“Medical devices”, as a broader term, refers to regulated products that must comply with local and regional laws. In the United States (US), as of the mid-1980s, the Food and Drug Administration (FDA) has increased its involvement in reviewing the development of medical device software, due to patient overdoses caused by coding errors in a radiation therapy device (Therac-25). The FDA is now focused on regulatory oversight in the medical device software development process and system-level testing. Between 1995 and 2005, IEC 62304 became the benchmark standard for the development of medical software in both the EU and the US.
Due to the broad scope covered by these terms, manifold classifications can be proposed for various medical software, based for instance on their technical nature (embedded in a device or standalone), on their level of safety (from the most trivial to the most safety-critical ones), or on their primarily function (treatment, education, diagnostics, data management).

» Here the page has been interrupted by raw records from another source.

lemma cartan_indicatory: "indicatory3 y C"
proof (rule indicatory3_if_totally_symmetric[OF cartan_totally_symmetric])
  fix i j
  have "(\<Sum>k\<in>UNIV. y $ k * H k j) = 0" for j
    using H_annihilates[of j] by (simp add: H_sym mult.commute)
  moreover have "(\<Sum>k\<in>UNIV. y $ k * C i j k)
      = (\<Sum>k\<in>UNIV. y $ k * (l $ k * H i j + Fy * T k i j + H k i * l $ j + l $ i * H k j)) / 2"
    unfolding cartan_of_def by (simp add: sum_divide_distrib)
  moreover have "(\<Sum>k\<in>UNIV. y $ k * (l $ k * H i j + Fy * T k i j + H k i * l $ j + l $ i * H k j))
      = (l \<bullet> y) * H i j + Fy * (\<Sum>k\<in>UNIV. y $ k * T k i j)
        + (\<Sum>k\<in>UNIV. y $ k * H k i) * l $ j + l $ i * (\<Sum>k\<in>UNIV. y $ k * H k j)"
    by (simp add: inner_vec_def distrib_left sum.distrib sum_distrib_left sum_distrib_right mult_ac)
  ultimately show "(\<Sum>k\<in>UNIV. y $ k * C i j k) = 0"
    by (simp add: l_inner T_annihilates)
qed

lemma trace2_cartan: "(\<Sum>j\<in>UNIV. \<Sum>k\<in>UNIV. ginv j k * C r j k) = trace2 ginv C r"
  using cartan_totally_symmetric unfolding trace2_def totally_symmetric_def
  by (intro sum.cong refl arg_cong2[where f="(*)"]) metis

end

The scope of the evolved regulatory definition of a medical device now explicitly includes the term “software” (and not simply software that is part of or within another product). As such, the following would be considered to fall under its scope:
- Software intended to analyse patient data generated by a medical device with a view to diagnosis and monitoring.
- Software that incorporates dosage algorithms for chronic conditions (e.g. diabetes)
- Software intended for use by patients to diagnose or treat a physical or medical ailment (condition or disease).
EU 2007/47/EEC that amended 93/42/EEC Directive introduces also the stand-alone software (Annex IX). This modifies the risk classification of the software because a stand-alone software is considered as an active medical device.
The generic term medical software has been around for almost three decades. The last decade then saw a vast new array of software programs entering the medical technology space. Dozens of examples now exist where the critical functions performed by medical devices are partly (or now sometimes entirely) directed by software, notably by software that is standalone. The interesting element is that, for the first time in the European MDD[ref 1], a medical device can now be 100% virtual (or invisible).
The dramatic increase in smartphone usage over the last five years or so is perhaps the most significant factor that has triggered the emergence of thousands of pure software programs and apps in this space, many falling into a ‘grey’ or borderline area in terms of regulation.